_ASSIGNMENT_. Begin with the first line of the entries below. Copy each line exactly, stopping after the one that contains "using False by (simp add: hw_J_fps_def".

_INPUT RECORDS_.

lemma hw_J_fps_uQ_u_nth:
  fixes q Q \<beta> :: complex and gs :: "complex list"
  assumes "q \<noteq> 0" and "q - inverse q \<noteq> 0"
  defines "F \<equiv> flat_ratio_fps q gs"
  shows "hw_J_fps q (uQ_u q Q \<beta> gs) $ t =
    F $ t + (1 - inverse (\<beta>^2)) * (\<Sum>z<t. inverse Q ^ (t - z) * F $ z)"
proof (cases "t = 0")
  case False
  let ?c = "q - inverse q" and ?b = "1 - inverse (\<beta>^2)"
  have cb: "?c * beta_tilde q \<beta> = ?b"
    using assms(2) by (simp add: beta_tilde_def)
  have cp: "?c * p_poly q z gs = F $ z" if "z \<ge> 1" for z
    using p_poly_eq_flat_ratio_fps_nth[OF assms(1) that] by (simp add: F_def)
  have "?c * (?c * (\<Sum>z\<in>{1..<t}. beta_tilde q \<beta> * Q powi (int z - int t) * p_poly q z gs)) =
      (\<Sum>z\<in>{1..<t}. (?c * beta_tilde q \<beta>) * Q powi (int z - int t) * (?c * p_poly q z gs))"
    by (simp add: sum_distrib_left mult_ac)
  also have "\<dots> = ?b * (\<Sum>z\<in>{1..<t}. inverse Q ^ (t - z) * F $ z)"
    unfolding sum_distrib_left
    by (rule sum.cong) (simp_all add: cb cp power_int_diff_eq_inverse_power mult.assoc)
  finally have "?c * p_polyQ q Q \<beta> t gs =
      F $ t + ?b * (inverse Q ^ (t - 0) * F $ 0 + (\<Sum>z\<in>{1..<t}. inverse Q ^ (t - z) * F $ z))"
    using False cp[of t] cb power_int_diff_eq_inverse_power[of 0 t Q]
    by (simp add: p_polyQ_def distrib_left mult.assoc[symmetric] F_def)
  also have "\<dots> = F $ t + ?b * (\<Sum>z<t. inverse Q ^ (t - z) * F $ z)"
    using False by (simp add: lessThan_atLeast0 sum.atLeast_Suc_lessThan)
  finally show ?thesis
    using False by (simp add: hw_J_fps_def uQ_u_eq_p_polyQ)
qed (simp add: hw_J_fps_def F_def)

lemma hw_J_fps_uQ_u_difference:
  fixes q Q \<beta> :: complex and gs :: "complex list"
  assumes "q \<noteq> 0" and "q - inverse q \<noteq> 0" and "Q \<noteq> 0"
  defines "U \<equiv> fps_to_fls (hw_J_fps q (uQ_u q Q \<beta> gs))"
    and "F \<equiv> fps_to_fls (flat_ratio_fps q gs)"
  shows "U $$ t - Q * U $$ (t + 1) = inverse (\<beta>^2) * F $$ t - Q * F $$ (t + 1)"
proof (cases "t < 0")
  case True
  then have "t = -1 \<or> t < -1"
    by linarith
  then show ?thesis
    by (auto simp: U_def F_def hw_J_fps_def)
next
  case False
  then obtain m where t: "t = int m"
    by (metis nonneg_int_cases not_less)
  have "U $$ t - Q * U $$ (t + 1) =
      (1 - (1 - inverse (\<beta>^2))) * flat_ratio_fps q gs $ m - Q * flat_ratio_fps q gs $ Suc m"
    using geometric_tail_telescope[OF assms(3), where f = "\<lambda>z. flat_ratio_fps q gs $ z" and b = "1 - inverse (\<beta>^2)" and t = m]
    by (simp add: U_def t hw_J_fps_uQ_u_nth[OF assms(1,2)] nat_add_distrib)
  then show ?thesis
    by (simp add: F_def t nat_add_distrib)
qed

theorem mainTheorem8:
  fixes q Q \<beta> :: complex and gs :: "complex list"
    and sc :: "complex \<Rightarrow> 'v::ab_group_add \<Rightarrow> 'v"
    and Xp Xm J :: "nat \<Rightarrow> 'v \<Rightarrow> 'v" and Kp Km :: "'v \<Rightarrow> 'v" and v0 :: 'v
  assumes "q \<noteq> 0" and "\<forall>n::nat. n > 0 \<longrightarrow> q ^ n \<noteq> 1"
    and "Q \<noteq> 0"
    and "\<beta> \<noteq> 0"
    and "poly (phi_poly \<beta> gs) (inverse (\<beta>^2 * Q)) \<noteq> 0"
    and "is_UqQ_rep q Q sc Xp Xm J Kp Km"
    and "is_simple_rep sc Xp Xm J Kp Km"
    and "is_hw_vector sc Xp J Kp (uQ_lam q \<beta> gs) (uQ_u q Q \<beta> gs) v0"
  shows "\<forall>t::int. PsiP q Q sc J Kp t v0 = sc (fls_nth (rhs_series q Q \<beta> gs) t) v0"
proof
  fix t :: int
  have vs: "vector_space sc" and K: "Vector_Spaces.linear sc sc Kp"
    using assms(6) by (simp_all add: is_UqQ_rep_def)
  have c: "q - inverse q \<noteq> 0"
  proof
    assume "q - inverse q = 0"
    then have "q ^ 2 = 1"
      using assms(1) by (simp add: power2_eq_square field_simps)
    then show False
      using assms(2) by auto
  qed
  let ?U = "fps_to_fls (hw_J_fps q (uQ_u q Q \<beta> gs))" and ?F = "fps_to_fls (flat_ratio_fps q gs)"
  have "PsiP q Q sc J Kp t v0 = sc (\<beta> * q ^ length gs * (?U $$ t - Q * ?U $$ (t + 1))) v0"
    using PsiP_hw_vector[OF vs K assms(8)] by (simp add: uQ_lam_eq)
  also have "\<dots> = sc (\<beta> * q ^ length gs * (inverse (\<beta>^2) * ?F $$ t - Q * ?F $$ (t + 1))) v0"
    by (simp only: hw_J_fps_uQ_u_difference[OF assms(1) c assms(3)])
  also have "\<dots> = sc (rhs_series q Q \<beta> gs $$ t) v0"
  proof -
    have "\<beta> * q ^ length gs * (inverse (\<beta>^2) * x - Q * y) = q ^ length gs * (inverse \<beta> * x - Q * \<beta> * y)"
      for x y
      using assms(4) by (simp add: field_simps power2_eq_square)
    then show ?thesis
      by (simp only: rhs_series_nth)
  qed
  finally show "PsiP q Q sc J Kp t v0 = sc (fls_nth (rhs_series q Q \<beta> gs) t) v0" .
qed

end
lemma balancing_step:
  fixes V :: "nat set" and f f1 :: "nat \<Rightarrow> part"
  defines "N \<equiv> real (card V)" and "B \<equiv> block V f PB"
  assumes fV: "finite V" and st: "balancing_state V E f1 f"
    and gap: "real (excess V f1) \<le> N / 60"
    and lt: "card (block V f PA) < card B" and not_sparse: "\<not> sparse_B E N B (block V f PS) (block V f PT)"
  shows "\<exists>g. balancing_state V E f1 g \<and> excess V g < excess V f"
proof -
  let ?A1 = "block V f1 PA" and ?B1 = "block V f1 PB"
  have "real (card (moved V f f1)) \<le> N / 60"
    using st gap unfolding balancing_state_def by linarith
  note out_sh = outdeg_block_shift[OF fV this, of E PB] and in_sh = indeg_block_shift[OF fV this, of E PB]
  have linked: "linked E ?A1 ?B1 (N / 30) (f x) x" if "x \<in> V" for x
    using st that unfolding balancing_state_def N_def by blast
  have move: "\<exists>g. balancing_state V E f1 g \<and> excess V g < excess V f"
    if x: "x \<in> V" "f x = p" and q: "q \<noteq> p" and pq: "p = PB \<and> q \<noteq> PA \<or> p \<noteq> PB \<and> q = PA"
      and lq: "linked E ?A1 ?B1 (N / 30) q x" for x p q
  proof (intro exI conjI)
    have "card (block V (f(x := q)) PA) \<le> card (block V (f(x := q)) PB)
          \<and> excess V (f(x := q)) < excess V f"
      using pq lt card_block_fun_upd[OF fV x(1), of f q] x(2) q
      unfolding excess_def B_def by (cases q) auto
    then show "balancing_state V E f1 (f(x := q))" "excess V (f(x := q)) < excess V f"
      using balancing_move[OF fV st x(1) lq[unfolded N_def]] by blast+
  qed
  consider (B_out) x where "x \<in> B" "N / 20 \<le> real (outdeg E B x)"
    | (B_in) x where "x \<in> B" "N / 20 \<le> real (indeg E B x)"
    | (S_in) x where "x \<in> block V f PS" "N / 20 \<le> real (indeg E B x)"
    | (T_out) x where "x \<in> block V f PT" "N / 20 \<le> real (outdeg E B x)"
    using not_sparse unfolding sparse_B_def by (auto simp: not_less)
  then show ?thesis
  proof cases
    case (B_out x)
    then show ?thesis
      using move[of x PB PS] linked[of x] out_sh[of x]
      unfolding linked_def B_def by (auto simp: block_def)
  next
    case (B_in x)
    then show ?thesis
      using move[of x PB PT] linked[of x] in_sh[of x]
      unfolding linked_def B_def by (auto simp: block_def)
  next
    case (S_in x)
    then show ?thesis
      using move[of x PS PA] linked[of x] in_sh[of x]
      unfolding linked_def B_def by (auto simp: block_def)
  next
    case (T_out x)
    then show ?thesis
      using move[of x PT PA] linked[of x] out_sh[of x]
      unfolding linked_def B_def by (auto simp: block_def)
  qed
qed
lemma (in prob_space) nn_integral_indep_pair:
  assumes X: "random_variable S X" and Y: "random_variable T Y"
    and prod: "distr M (S \<Otimes>\<^sub>M T) (\<lambda>\<omega>. (X \<omega>, Y \<omega>)) = distr M S X \<Otimes>\<^sub>M distr M T Y"
    and f: "f \<in> borel_measurable (S \<Otimes>\<^sub>M T)"
  shows "(\<integral>\<^sup>+ \<omega>. f (X \<omega>, Y \<omega>) \<partial>M) = (\<integral>\<^sup>+ x. \<integral>\<^sup>+ y. f (x, y) \<partial>distr M T Y \<partial>distr M S X)"
proof -
  interpret Y: prob_space "distr M T Y" by (rule prob_space_distr[OF Y])
  have "(\<integral>\<^sup>+ \<omega>. f (X \<omega>, Y \<omega>) \<partial>M) = (\<integral>\<^sup>+ p. f p \<partial>distr M (S \<Otimes>\<^sub>M T) (\<lambda>\<omega>. (X \<omega>, Y \<omega>)))"
    using X Y f by (intro nn_integral_distr[symmetric]) auto
  also have "\<dots> = (\<integral>\<^sup>+ x. \<integral>\<^sup>+ y. f (x, y) \<partial>distr M T Y \<partial>distr M S X)"
    using f unfolding prod by (intro Y.nn_integral_fst[symmetric]) simp
  finally show ?thesis .
qed

lemma Int_stable_vimages: "Int_stable {V -` A \<inter> \<Omega> |A. A \<in> sets N}"
proof (rule Int_stableI)
  fix a b assume "a \<in> {V -` A \<inter> \<Omega> |A. A \<in> sets N}" "b \<in> {V -` A \<inter> \<Omega> |A. A \<in> sets N}"
  then obtain A B where "a = V -` A \<inter> \<Omega>" "b = V -` B \<inter> \<Omega>" "A \<in> sets N" "B \<in> sets N" by auto
  then show "a \<inter> b \<in> {V -` A \<inter> \<Omega> |A. A \<in> sets N}"
    by (intro CollectI exI[of _ "A \<inter> B"]) auto
qed

lemma measurable_sigma_UN_vimages:
  assumes "(\<Union>i\<in>S. E i) \<subseteq> Pow \<Omega>" "i \<in> S" "{V -` A \<inter> \<Omega> |A. A \<in> sets N} \<subseteq> E i"
    and "V \<in> \<Omega> \<rightarrow> space N"
  shows "V \<in> measurable (sigma \<Omega> (\<Union>i\<in>S. E i)) N"
proof (rule measurableI)
  fix A assume "A \<in> sets N"
  then have "V -` A \<inter> \<Omega> \<in> (\<Union>i\<in>S. E i)" using assms(2,3) by blast
  then show "V -` A \<inter> space (sigma \<Omega> (\<Union>i\<in>S. E i)) \<in> sets (sigma \<Omega> (\<Union>i\<in>S. E i))"
    using assms(1) by (simp add: space_measure_of_conv)
qed (use assms(4) in \<open>auto simp: space_measure_of_conv\<close>)

section \<open>The iterated scheme\<close>

lemma measurable_euler_iter:
  fixes b :: "real^'d::finite \<Rightarrow> real^'n::finite \<Rightarrow> real^'d"
  assumes b: "(\<lambda>(x, u). b x u) \<in> borel_measurable borel"
    and X0: "X0 \<in> borel_measurable N" and U: "\<And>j. j < k \<Longrightarrow> U j \<in> borel_measurable N"
    and Z: "\<And>j. 1 \<le> j \<Longrightarrow> j \<le> k \<Longrightarrow> Z j \<in> borel_measurable N"
  shows "euler_iter h \<beta> b X0 U Z k \<in> borel_measurable N"
  using U Z
proof (induction k)
  case 0
  have "euler_iter h \<beta> b X0 U Z 0 = X0" by (rule ext) simp
  with X0 show ?case by simp
next
  case (Suc k)
  have Xk: "euler_iter h \<beta> b X0 U Z k \<in> borel_measurable N" using Suc by auto
  have "(\<lambda>\<omega>. (\<lambda>(x, u). b x u) (euler_iter h \<beta> b X0 U Z k \<omega>, U k \<omega>)) \<in> borel_measurable N"
    using b Suc.prems(1)
    by (intro measurable_compose[OF measurable_Pair[OF Xk]]) (auto simp: borel_prod)
  then show ?case using Xk Suc.prems(2) by simp
qed

lemma distr_euler_iter_step:
  fixes b :: "real^'d::finite \<Rightarrow> real^'n::finite \<Rightarrow> real^'d" and X0 :: "'w \<Rightarrow> real^'d"
    and U :: "nat \<Rightarrow> 'w \<Rightarrow> real^'n" and Z :: "nat \<Rightarrow> 'w \<Rightarrow> real^'d" and h \<beta> :: real and k :: nat
  defines "Y \<equiv> euler_iter h \<beta> b X0 U Z k"
  assumes M: "prob_space M" and b: "(\<lambda>(x, u). b x u) \<in> borel_measurable borel"
    and X0: "X0 \<in> borel_measurable M" and U: "\<And>j. U j \<in> borel_measurable M"
    and Z: "\<And>j. 1 \<le> j \<Longrightarrow> Z j \<in> borel_measurable M" and indep: "joint_indep M X0 U Z"
  shows "distr M (borel \<Otimes>\<^sub>M borel) (\<lambda>\<omega>. (Y \<omega>, U k \<omega>)) = distr M borel Y \<Otimes>\<^sub>M distr M borel (U k)"
    and "distr M ((borel \<Otimes>\<^sub>M borel) \<Otimes>\<^sub>M borel) (\<lambda>\<omega>. ((Y \<omega>, U k \<omega>), Z (Suc k) \<omega>))
      = distr M (borel \<Otimes>\<^sub>M borel) (\<lambda>\<omega>. (Y \<omega>, U k \<omega>)) \<Otimes>\<^sub>M distr M borel (Z (Suc k))"
proof -
  interpret prob_space M by fact
  define E where "E i = (case i of
      IX0 \<Rightarrow> {X0 -` A \<inter> space M | A. A \<in> sets borel}
    | IU j \<Rightarrow> {U j -` A \<inter> space M | A. A \<in> sets borel}
    | IZ j \<Rightarrow> {Z j -` A \<inter> space M | A. A \<in> sets borel})" for i
  have ind: "indep_sets E noise_index_set"
    using indep unfolding joint_indep_def E_def .
  have stable: "Int_stable (E i)" for i
    unfolding E_def by (cases i) (auto intro: Int_stable_vimages)
  have Pow: "(\<Union>i\<in>S. E i) \<subseteq> Pow (space M)" for S
    unfolding E_def by (auto split: noise_idx.splits)
  have mX0: "X0 \<in> borel_measurable (sigma (space M) (\<Union>i\<in>S. E i))" if "IX0 \<in> S" for S
    by (rule measurable_sigma_UN_vimages[OF Pow that]) (auto simp: E_def)
  have mU: "U j \<in> borel_measurable (sigma (space M) (\<Union>i\<in>S. E i))" if "IU j \<in> S" for S j
    by (rule measurable_sigma_UN_vimages[OF Pow that]) (auto simp: E_def)
  have mZ: "Z j \<in> borel_measurable (sigma (space M) (\<Union>i\<in>S. E i))" if "IZ j \<in> S" for S j
    by (rule measurable_sigma_UN_vimages[OF Pow that]) (auto simp: E_def)
  define H where "H = {IX0} \<union> IU ` {..<k} \<union> IZ ` {1..k}"
  have YH: "Y \<in> borel_measurable (sigma (space M) (\<Union>i\<in>S. E i))" if "H \<subseteq> S" for S
    unfolding Y_def using that
    by (intro measurable_euler_iter[OF b] mX0 mU mZ) (auto simp: H_def)
  have Ym: "Y \<in> borel_measurable M"
    unfolding Y_def using X0 U Z by (intro measurable_euler_iter[OF b]) auto
  have HN: "H \<subseteq> noise_index_set" "IU k \<notin> H" "IZ (Suc k) \<notin> insert (IU k) H"
    by (auto simp: H_def noise_index_set_def)
  show "distr M (borel \<Otimes>\<^sub>M borel) (\<lambda>\<omega>. (Y \<omega>, U k \<omega>)) = distr M borel Y \<Otimes>\<^sub>M distr M borel (U k)"
  proof (rule distr_pair_of_disjoint_index_sets[OF ind stable])
    show "Y \<in> borel_measurable (sigma (space M) (\<Union>i\<in>H. E i))" by (rule YH) simp
    show "U k \<in> borel_measurable (sigma (space M) (\<Union>i\<in>{IU k}. E i))" by (rule mU) simp
  qed (use HN Ym U in \<open>auto simp: noise_index_set_def\<close>)
  show "distr M ((borel \<Otimes>\<^sub>M borel) \<Otimes>\<^sub>M borel) (\<lambda>\<omega>. ((Y \<omega>, U k \<omega>), Z (Suc k) \<omega>))
      = distr M (borel \<Otimes>\<^sub>M borel) (\<lambda>\<omega>. (Y \<omega>, U k \<omega>)) \<Otimes>\<^sub>M distr M borel (Z (Suc k))"
  proof (rule distr_pair_of_disjoint_index_sets[OF ind stable])
    show "(\<lambda>\<omega>. (Y \<omega>, U k \<omega>))
        \<in> measurable (sigma (space M) (\<Union>i\<in>insert (IU k) H. E i)) (borel \<Otimes>\<^sub>M borel)"
      by (intro measurable_Pair YH mU) auto
    show "Z (Suc k) \<in> borel_measurable (sigma (space M) (\<Union>i\<in>{IZ (Suc k)}. E i))"
      by (rule mZ) simp
  qed (use HN Ym U Z in \<open>auto simp: noise_index_set_def\<close>)
qed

_ANSWER_.
lemma hw_J_fps_uQ_u_nth:
  fixes q Q \<beta> :: complex and gs :: "complex list"
  assumes "q \<noteq> 0" and "q - inverse q \<noteq> 0"
  defines "F \<equiv> flat_ratio_fps q gs"
  shows "hw_J_fps q (uQ_u q Q \<beta> gs) $ t =
    F $ t + (1 - inverse (\<beta>^2)) * (\<Sum>z<t. inverse Q ^ (t - z) * F $ z)"
proof (cases "t = 0")
  case False
  let ?c = "q - inverse q" and ?b = "1 - inverse (\<beta>^2)"
  have cb: "?c * beta_tilde q \<beta> = ?b"
    using assms(2) by (simp add: beta_tilde_def)
  have cp: "?c * p_poly q z gs = F $ z" if "z \<ge> 1" for z
    using p_poly_eq_flat_ratio_fps_nth[OF assms(1) that] by (simp add: F_def)
  have "?c * (?c * (\<Sum>z\<in>{1..<t}. beta_tilde q \<beta> * Q powi (int z - int t) * p_poly q z gs)) =
      (\<Sum>z\<in>{1..<t}. (?c * beta_tilde q \<beta>) * Q powi (int z - int t) * (?c * p_poly q z gs))"
    by (simp add: sum_distrib_left mult_ac)
  also have "\<dots> = ?b * (\<Sum>z\<in>{1..<t}. inverse Q ^ (t - z) * F $ z)"
    unfolding sum_distrib_left
    by (rule sum.cong) (simp_all add: cb cp power_int_diff_eq_inverse_power mult.assoc)
  finally have "?c * p_polyQ q Q \<beta> t gs =
      F $ t + ?b * (inverse Q ^ (t - 0) * F $ 0 + (\<Sum>z\<in>{1..<t}. inverse Q ^ (t - z) * F $ z))"
    using False cp[of t] cb power_int_diff_eq_inverse_power[of 0 t Q]
    by (simp add: p_polyQ_def distrib_left mult.assoc[symmetric] F_def)
  also have "\<dots> = F $ t + ?b * (\<Sum>z<t. inverse Q ^ (t - z) * F $ z)"
    using False by (simp add: lessThan_atLeast0 sum.atLeast_Suc_lessThan)
  finally show ?thesis
    using False by (simp add: hw_J_fps_def uQ_u_eq_p_polyQ)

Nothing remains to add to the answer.